Убежденность в виновности Геккернов сложилась в пушкинском кругу далеко не сразу. 29 января, в день смерти Пушкина, А. И. Тургенев писал о Жорже Геккерне: «Но несчастный спасшийся — не несчастнее ли?». Карамзины, оплакивая поэта, испытывали сочувствие и к Дантесу и выражали надежду, что он не будет сурово наказан. Вяземский в своих первых сообщениях о январской трагедии — в письмах от 2, 5, 6 февраля говорил о «роковом предопределении, которое стремило Пушкина к погибели». 5 февраля в подробном письме к А. Я. Булгакову, предназначенном для оповещения москвичей о случившемся, Вяземский писал: «О том, что было причиною этой кровавой и страшной развязки, говорить нечего.
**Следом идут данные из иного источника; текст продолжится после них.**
(* Assume (A1)–(A3) and $m_1<0$. Then the quantity $V_1=\sum_{i\ge0}\pi_1(i)\mathbb E_{(i,0)}(Y_1(1))$ is well defined (the series converges absolutely), and for every $(k,\ell)\in\mathbb N\times\mathbb Z$, $\mathbb P_{(k,\ell)}$-almost surely, $\lim_{n\to\infty} Y_1(n)/n=V_1$.
   Context: Let $\mathbb N=\{0,1,2,\dots\}$ and fix an integer $k_0\ge1$. Let $\mu$, $\mu'_j$ ($0\le j<k_0$), $\mu''_i$ ($0\le i<k_0$), $\mu_{ij}$ ($0\le i,j<k_0$) be probability measures on $\mathbb Z^2$. The random walk $Z=(X(n),Y(n))$ on $\mathbb N^2$ has transition probabilities $p((i,j)\to(i',j'))$ equal to $\mu(i'-i,j'-j)$ if $i,j\ge k_0$; $\mu'_j(i'-i,j'-j)$ if $i\ge k_0$, $0\le j<k_0$; $\mu''_i(i'-i,j'-j)$ if $0\le i<k_0$, $j\ge k_0$; $\mu_{ij}(i'-i,j'-j)$ if $0\le i,j<k_0$. Assumptions: (A1) $\mu(a,b)=0$ if $a<-k_0$ or $b<-k_0$; $\mu'_j(a,b)=0$ if $a<-k_0$ or $b<-j$; $\mu''_i(a,b)=0$ if $b<-k_0$ or $a<-i$; $\mu_{ij}(a,b)=0$ if $a<-i$ or $b<-j$. (A2) There are $\delta,\gamma,C>0$ with $\sup_{(i,j)\in\mathbb N^2}\mathbb E_{(i,j)}[\exp(\delta(X(1)-i)+\gamma(Y(1)-j))]\le C$. (A3) $Z_0$, $Z_1$, $Z_2$ and $Z$ are irreducible on their state spaces. $Z_0$: random walk on $\mathbb Z^2$ with increment law $\mu$; $m_1=\sum a\mu(a,b)$. $Z_1=(X_1,Y_1)$: Markov chain on $\mathbb N\times\mathbb Z$ with $p_1((i,j)\to(i',j'))=\mu(i'-i,j'-j)$ if $i\ge k_0$ and $\mu''_i(i'-i,j'-j)$ if $0\le i<k_0$; $\mathbb P_{(k,\ell)}$ denotes its law started at $(k,\ell)$. $Z_2$: Markov chain on $\mathbb Z\times\mathbb N$ with transitions $\mu$ for $j\ge k_0$ and $\mu'_j$ for $0\le j<k_0$. The first coordinate $X_1$ is a Markov chain on $\mathbb N$; when $m_1<0$ it is positive recurrent, with invariant distribution $\pi_1$. *)

theory Defs
  imports "HOL-Probability.Probability"
begin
Многое осталось в этом деле темным и таинственным для нас самих <…> Пушкина в гроб положили и зарезали жену его городские сплетни, людская злоба, праздность и клевета петербургских салонов, безыменные письма…».
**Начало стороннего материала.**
lemma sum_le_chain_telescope:
  fixes c g h :: "nat \<Rightarrow> real"
  assumes "\<And>k. k \<le> n \<Longrightarrow> c k \<le> a + g k - h k"
    and "\<And>k. k < n \<Longrightarrow> g k = h (Suc k)"
  shows "(\<Sum>k<Suc n. c k) \<le> real (Suc n) * a + g n - h 0"
  using assms
proof (induction n)
  case 0
  then show ?case by simp
next
  case (Suc n)
  have "(\<Sum>k<Suc n. c k) \<le> real (Suc n) * a + g n - h 0"
    by (rule Suc.IH) (simp_all add: Suc.prems(1) Suc.prems(2)[symmetric])
  moreover have "c (Suc n) \<le> a + g (Suc n) - h (Suc n)" using Suc.prems(1) by blast
  moreover have "g n = h (Suc n)" using Suc.prems(2) by blast
  ultimately show ?case by (simp add: algebra_simps)
qed

lemma orbit_dist_attained:
  fixes Orb :: "nat \<Rightarrow> 'a::real_normed_vector \<times> 'b::real_normed_vector"
  assumes "1 \<le> p"
  shows "\<exists>j<p. orbit_dist p Orb z = norm (z - Orb j)"
proof -
  have "orbit_dist p Orb z \<in> (\<lambda>k. norm (z - Orb k)) ` {..<p}"
    unfolding orbit_dist_def using assms by (intro Min_in) (auto simp: lessThan_empty_iff)
  then show ?thesis by auto
qed

locale periodic_dissipative_system =
  fixes f :: "'a::real_normed_vector \<Rightarrow> 'b::real_normed_vector \<Rightarrow> 'a"
    and X :: "'a set" and U :: "'b set" and ell :: "'a \<Rightarrow> 'b \<Rightarrow> real"
    and p :: nat and Orb :: "nat \<Rightarrow> 'a \<times> 'b" and ls :: real and lam :: "'a \<Rightarrow> real"
  assumes f_cont: "continuous_on (X \<times> U) (\<lambda>(x, u). f x u)"
    and ell_cont: "continuous_on (X \<times> U) (\<lambda>(x, u). ell x u)"
    and compact_X: "compact X" and compact_U: "compact U"
    and ell_nonneg: "\<And>x u. x \<in> X \<Longrightarrow> u \<in> U \<Longrightarrow> 0 \<le> ell x u"
    and orbit_feasible: "feasible_orbit f X U p Orb"
    and orbit_average: "orbit_avg ell p Orb = ls"
    and dissipative: "\<And>x u. x \<in> X \<Longrightarrow> u \<in> U \<Longrightarrow> f x u \<in> X \<Longrightarrow> lam (f x u) - lam x \<le> ell x u - ls"
begin

lemma period_pos: "1 \<le> p"
  using orbit_feasible by (simp add: feasible_orbit_def)

lemma orbit_mem: "j < p \<Longrightarrow> Orb j \<in> X \<times> U"
  using orbit_feasible by (simp add: feasible_orbit_def)

lemma compact_domain: "compact (X \<times> U)"
  using compact_X compact_U by (rule compact_Times)

lemma domain_nonempty: "X \<times> U \<noteq> {}"
  using orbit_mem[of 0] period_pos by auto

lemma cost_uniformly_continuous: "uniformly_continuous_on (X \<times> U) (case_prod ell)"
  using compact_uniformly_continuous[OF _ compact_domain] ell_cont by simp

lemma cost_modulus:
  assumes "z \<in> X \<times> U" "w \<in> X \<times> U" "dist z w \<le> \<epsilon>"
  shows "\<bar>case_prod ell z - case_prod ell w\<bar> \<le> modulus_of_continuity (X \<times> U) (case_prod ell) \<epsilon>"
proof -
  have "bounded (case_prod ell ` (X \<times> U))"
    using compact_domain ell_cont by (simp add: compact_continuous_image compact_imp_bounded)
  from dist_le_modulus_of_continuity_bounded[OF this assms] show ?thesis by (simp add: dist_real_def)
qed

lemma orbit_step: "j < p \<Longrightarrow> fst (Orb (Suc j mod p)) = case_prod f (Orb j)"
  using orbit_feasible by (simp add: feasible_orbit_def split_beta)

lemma orbit_cost_sum: "(\<Sum>j<p. case_prod ell (Orb j)) = real p * ls"
  using orbit_average period_pos by (simp add: orbit_avg_def split_beta field_simps)

lemma average_nonneg: "0 \<le> ls"
proof -
  have "0 \<le> (\<Sum>j<p. case_prod ell (Orb j))"
    using orbit_mem ell_nonneg by (intro sum_nonneg) (auto simp: split_beta mem_Times_iff)
  then show ?thesis using orbit_cost_sum period_pos by (simp add: zero_le_mult_iff)
qed

lemma orbit_cost_tight:
  assumes "j < p"
  shows "case_prod ell (Orb j) = ls + lam (fst (Orb (Suc j mod p))) - lam (fst (Orb j))"
proof (rule cycle_dissipation_tight[OF _ orbit_cost_sum assms])
  fix i assume "i < p"
  then have "Orb i \<in> X \<times> U" "Orb (Suc i mod p) \<in> X \<times> U"
    using orbit_mem period_pos by auto
  then show "lam (fst (Orb (Suc i mod p))) - lam (fst (Orb i)) \<le> case_prod ell (Orb i) - ls"
    using dissipative orbit_step[OF \<open>i < p\<close>] by (auto simp: split_beta mem_Times_iff)
qed

lemma orbit_storage_diff_le:
  "i < p \<Longrightarrow> j < p \<Longrightarrow> lam (fst (Orb i)) - lam (fst (Orb j)) \<le> (real p - 1) * ls"
  using orbit_mem ell_nonneg
  by (intro cycle_storage_diff_le[where c = "\<lambda>j. case_prod ell (Orb j)"] orbit_cost_tight)
    (auto simp: split_beta mem_Times_iff)

lemma cost_nonneg: "z \<in> X \<times> U \<Longrightarrow> 0 \<le> case_prod ell z"
  using ell_nonneg by (auto simp: mem_Times_iff split_beta)

lemma cost_bounded: obtains M where "0 \<le> M" "\<And>z. z \<in> X \<times> U \<Longrightarrow> case_prod ell z \<le> M"
proof -
  obtain z0 where "z0 \<in> X \<times> U" "\<forall>z\<in>X \<times> U. case_prod ell z \<le> case_prod ell z0"
    using continuous_attains_sup[OF compact_domain domain_nonempty ell_cont] by blast
  then show ?thesis
    using ell_nonneg by (intro that[of "case_prod ell z0"]) (auto simp: split_beta mem_Times_iff)
qed

lemma orbit_snap:
  obtains \<epsilon>0 where "0 < \<epsilon>0"
    and "\<And>z i j. z \<in> X \<times> U \<Longrightarrow> i < p \<Longrightarrow> j < p \<Longrightarrow> dist z (Orb i) < \<epsilon>0 \<Longrightarrow>
      dist (case_prod f z) (fst (Orb j)) < \<epsilon>0 \<Longrightarrow> fst (Orb (Suc i mod p)) = fst (Orb j)"
proof -
  have "uniformly_continuous_on (X \<times> U) (case_prod f)"
    using compact_uniformly_continuous[OF _ compact_domain] f_cont by simp
  moreover have "case_prod f (Orb j) \<in> fst ` Orb ` {..<p}" if "j < p" for j
  proof -
    have "Orb (Suc j mod p) \<in> Orb ` {..<p}" using period_pos by simp
    then show ?thesis using orbit_step[OF that] by (metis image_eqI)
  qed
  then have "case_prod f ` Orb ` {..<p} \<subseteq> fst ` Orb ` {..<p}" by blast
  ultimately obtain \<epsilon>0 where "0 < \<epsilon>0" and snap: "\<forall>z\<in>X \<times> U. \<forall>q\<in>Orb ` {..<p}. \<forall>s\<in>fst ` Orb ` {..<p}.
      dist z q < \<epsilon>0 \<longrightarrow> dist (case_prod f z) s < \<epsilon>0 \<longrightarrow> case_prod f q = s"
    using uniformly_continuous_on_snap_to_finite[of "X \<times> U" "case_prod f" "fst ` Orb ` {..<p}" "Orb ` {..<p}"]
      orbit_mem by blast
  show ?thesis
    by (rule that[OF \<open>0 < \<epsilon>0\<close>]) (use snap orbit_step in fastforce)
qed

lemma near_orbit_cost_le:
  obtains \<epsilon>0 where "0 < \<epsilon>0"
    and "\<And>\<epsilon> T xh uh. \<epsilon> < \<epsilon>0 \<Longrightarrow> admissible f X U T xh uh \<Longrightarrow>
      (\<forall>k<T. orbit_dist p Orb (traj f uh xh k, uh k) \<le> \<epsilon>) \<Longrightarrow>
      (\<Sum>k<T. ell (traj f uh xh k) (uh k))
        \<le> (real T + real p - 1) * ls + real T * modulus_of_continuity (X \<times> U) (case_prod ell) \<epsilon>"
proof -
  obtain \<epsilon>0 where "0 < \<epsilon>0" and snap: "\<And>z i j. z \<in> X \<times> U \<Longrightarrow> i < p \<Longrightarrow> j < p \<Longrightarrow>
      dist z (Orb i) < \<epsilon>0 \<Longrightarrow> dist (case_prod f z) (fst (Orb j)) < \<epsilon>0 \<Longrightarrow>
      fst (Orb (Suc i mod p)) = fst (Orb j)"
    using orbit_snap by blast
  let ?\<omega> = "modulus_of_continuity (X \<times> U) (case_prod ell)"
  have "(\<Sum>k<T. ell (traj f uh xh k) (uh k)) \<le> (real T + real p - 1) * ls + real T * ?\<omega> \<epsilon>"
    if "\<epsilon> < \<epsilon>0" and adm: "admissible f X U T xh uh"
      and close: "\<forall>k<T. orbit_dist p Orb (traj f uh xh k, uh k) \<le> \<epsilon>" for \<epsilon> T xh uh
  proof (cases T)
    case 0
    then show ?thesis using period_pos average_nonneg by simp
  next
    case (Suc n)
    define z where "z k = (traj f uh xh k, uh k)" for k
    have z_mem: "z k \<in> X \<times> U" if "k < T" for k
      using adm that by (simp add: admissible_def z_def)
    have "\<forall>k. \<exists>j<p. orbit_dist p Orb (z k) = dist (z k) (Orb j)"
      unfolding dist_norm using orbit_dist_attained[OF period_pos] by blast
    then obtain J where J: "\<And>k. J k < p" and J_dist: "\<And>k. orbit_dist p Orb (z k) = dist (z k) (Orb (J k))"
      by metis
    have near: "dist (z k) (Orb (J k)) \<le> \<epsilon>" if "k < T" for k
      using close that J_dist by (simp add: z_def)
    let ?g = "\<lambda>k. lam (fst (Orb (Suc (J k) mod p)))" and ?h = "\<lambda>k. lam (fst (Orb (J k)))"
    \<comment> \<open>Consecutive nearest orbit points are consecutive on the orbit, so the storage terms telescope.\<close>
    have "(\<Sum>k<Suc n. case_prod ell (z k)) \<le> real (Suc n) * (ls + ?\<omega> \<epsilon>) + ?g n - ?h 0"
    proof (rule sum_le_chain_telescope)
      fix k assume "k \<le> n"
      then have "k < T" using Suc by simp
      then have "case_prod ell (z k) \<le> case_prod ell (Orb (J k)) + ?\<omega> \<epsilon>"
        using cost_modulus[OF z_mem orbit_mem[OF J] near, OF \<open>k < T\<close> \<open>k < T\<close>] by simp
      then show "case_prod ell (z k) \<le> ls + ?\<omega> \<epsilon> + ?g k - ?h k"
        using orbit_cost_tight[OF J] by simp
    next
      fix k assume "k < n"
      have "dist (case_prod f (z k)) (fst (Orb (J (Suc k)))) \<le> dist (z (Suc k)) (Orb (J (Suc k)))"
        using dist_fst_le[of "z (Suc k)" "Orb (J (Suc k))"] by (simp add: z_def)
      moreover have "k < T" "dist (z k) (Orb (J k)) < \<epsilon>0" "dist (z (Suc k)) (Orb (J (Suc k))) < \<epsilon>0"
        using near[of k] near[of "Suc k"] \<open>k < n\<close> Suc \<open>\<epsilon> < \<epsilon>0\<close> by simp_all
      ultimately have "fst (Orb (Suc (J k) mod p)) = fst (Orb (J (Suc k)))"
        by (intro snap[OF z_mem J J]) (auto intro: order_le_less_trans)
      then show "?g k = ?h (Suc k)" by simp
    qed
    also have "\<dots> \<le> (real T + real p - 1) * ls + real T * ?\<omega> \<epsilon>"
      using orbit_storage_diff_le[of "Suc (J n) mod p" "J 0"] J period_pos Suc
      by (simp add: algebra_simps)
    finally show ?thesis using Suc by (simp add: z_def)
  qed
  with \<open>0 < \<epsilon>0\<close> show ?thesis using that by blast
qed

theorem near_orbit_cost_bound:
  "\<exists>\<alpha>1. Kinf \<alpha>1 \<and>
    (\<forall>\<epsilon>>0. \<forall>T. \<forall>xh\<in>X. \<forall>uh. admissible f X U T xh uh \<longrightarrow>
       (\<forall>k<T. orbit_dist p Orb (traj f uh xh k, uh k) \<le> \<epsilon>) \<longrightarrow>
       (\<Sum>k<T. ell (traj f uh xh k) (uh k)) \<le> (real T + real p - 1) * ls + real T * \<alpha>1 \<epsilon>)"
proof -
  obtain M where "0 \<le> M" and M: "\<And>z. z \<in> X \<times> U \<Longrightarrow> case_prod ell z \<le> M"
    using cost_bounded by blast
  obtain \<epsilon>0 where "0 < \<epsilon>0" and near_bound: "\<And>\<epsilon> T xh uh. \<epsilon> < \<epsilon>0 \<Longrightarrow> admissible f X U T xh uh \<Longrightarrow>
      (\<forall>k<T. orbit_dist p Orb (traj f uh xh k, uh k) \<le> \<epsilon>) \<Longrightarrow>
      (\<Sum>k<T. ell (traj f uh xh k) (uh k))
        \<le> (real T + real p - 1) * ls + real T * modulus_of_continuity (X \<times> U) (case_prod ell) \<epsilon>"
    using near_orbit_cost_le by blast
  let ?\<omega> = "modulus_of_continuity (X \<times> U) (case_prod ell)"
  define b where "b \<epsilon> = (if \<epsilon> < \<epsilon>0 then ?\<omega> \<epsilon> else M)" for \<epsilon>
  have "0 \<le> b s \<and> b s \<le> M" if "0 < s" for s
  proof -
    have "0 \<le> ?\<omega> s"
      using cost_modulus[of "Orb 0" "Orb 0" s] orbit_mem period_pos \<open>0 < s\<close> by simp
    moreover have "?\<omega> s \<le> M"
    proof (rule modulus_of_continuity_least[OF domain_nonempty])
      fix z w assume "z \<in> X \<times> U" "w \<in> X \<times> U"
      then show "dist (case_prod ell z) (case_prod ell w) \<le> M"
        using M[of z] M[of w] cost_nonneg[of z] cost_nonneg[of w] by (simp add: dist_real_def)
    qed (use \<open>0 < s\<close> in simp)
    ultimately show ?thesis using \<open>0 \<le> M\<close> by (simp add: b_def)
  qed
  moreover have "(b \<longlongrightarrow> 0) (at_right 0)"
  proof (rule tendsto_cong[THEN iffD1])
    show "\<forall>\<^sub>F \<epsilon> in at_right 0. ?\<omega> \<epsilon> = b \<epsilon>"
      using \<open>0 < \<epsilon>0\<close> by (auto simp: b_def eventually_at_right_field)
    show "(?\<omega> \<longlongrightarrow> 0) (at_right 0)"
      using cost_uniformly_continuous domain_nonempty by (rule tendsto_modulus_of_continuity)
  qed
  ultimately obtain \<alpha>1 where "Kinf \<alpha>1" and b_le: "\<And>s. 0 < s \<Longrightarrow> b s \<le> \<alpha>1 s"
    using Kinf_majorant by blast
  have "(\<Sum>k<T. ell (traj f uh xh k) (uh k)) \<le> (real T + real p - 1) * ls + real T * \<alpha>1 \<epsilon>"
    if "0 < \<epsilon>" and adm: "admissible f X U T xh uh"
      and close: "\<forall>k<T. orbit_dist p Orb (traj f uh xh k, uh k) \<le> \<epsilon>" for \<epsilon> T xh uh
  proof (cases "\<epsilon> < \<epsilon>0")
    case True
    then have "?\<omega> \<epsilon> \<le> \<alpha>1 \<epsilon>" using b_le[OF \<open>0 < \<epsilon>\<close>] by (simp add: b_def)
    then show ?thesis using near_bound[OF True adm close] by (simp add: mult_left_mono order_trans)
  next
    case False
    then have "M \<le> \<alpha>1 \<epsilon>" using b_le[OF \<open>0 < \<epsilon>\<close>] by (simp add: b_def)
    have "(\<Sum>k<T. ell (traj f uh xh k) (uh k)) \<le> real T * M"
      using sum_bounded_above[of "{..<T}" "\<lambda>k. ell (traj f uh xh k) (uh k)" M] M adm
      by (force simp: admissible_def)
    also have "\<dots> \<le> real T * \<alpha>1 \<epsilon>" using \<open>M \<le> \<alpha>1 \<epsilon>\<close> by (simp add: mult_left_mono)
    finally show ?thesis using period_pos average_nonneg by (simp add: add_increasing)
  qed
  with \<open>Kinf \<alpha>1\<close> show ?thesis by blast
qed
Но начиная с 10 февраля тон писем Вяземского и самая суть его сообщений меняются. Вместо общих слов о людской злобе и светской клевете в его письмах появляется совершенно определенно высказанное обвинение в адрес Геккернов. «Чем более думаешь об этой потере, — пишет Вяземский 10 февраля, — чем больше проведываешь обстоятельства, доныне бывшие в неизвестности и которые время начинает раскрывать понемногу, тем более сердце обливается кровью и слезами. Адские сети, адские козни были устроены против Пушкина и жены его <…> Супружеское счастье и согласие Пушкиных было целью развратнейших и коварнейших покушений двух людей, готовых на все, чтобы опозорить Пушкину». Два главных виновника не названы по имени, но не может быть никакого сомнения в том, что речь идет о Геккернах.

В аналогичном по содержанию письме к О. А. Долгоруковой, написанном уже после отъезда посланника и его сына из Петербурга, Вяземский прямо и недвусмысленно обвиняет Геккернов и сожалеет, что их вину юридически нельзя доказать. «Чтобы объяснить поведение Пушкина, — пишет он, — нужно бросить суровые обвинения против других лиц, замешанных в этой истории. Эти обвинения не могут быть обоснованы положительными фактами: моральное убеждение в виновности двух актеров этой драмы, только что покинувших Россию, глубоко и сильно, но юридические доказательства отсутствуют».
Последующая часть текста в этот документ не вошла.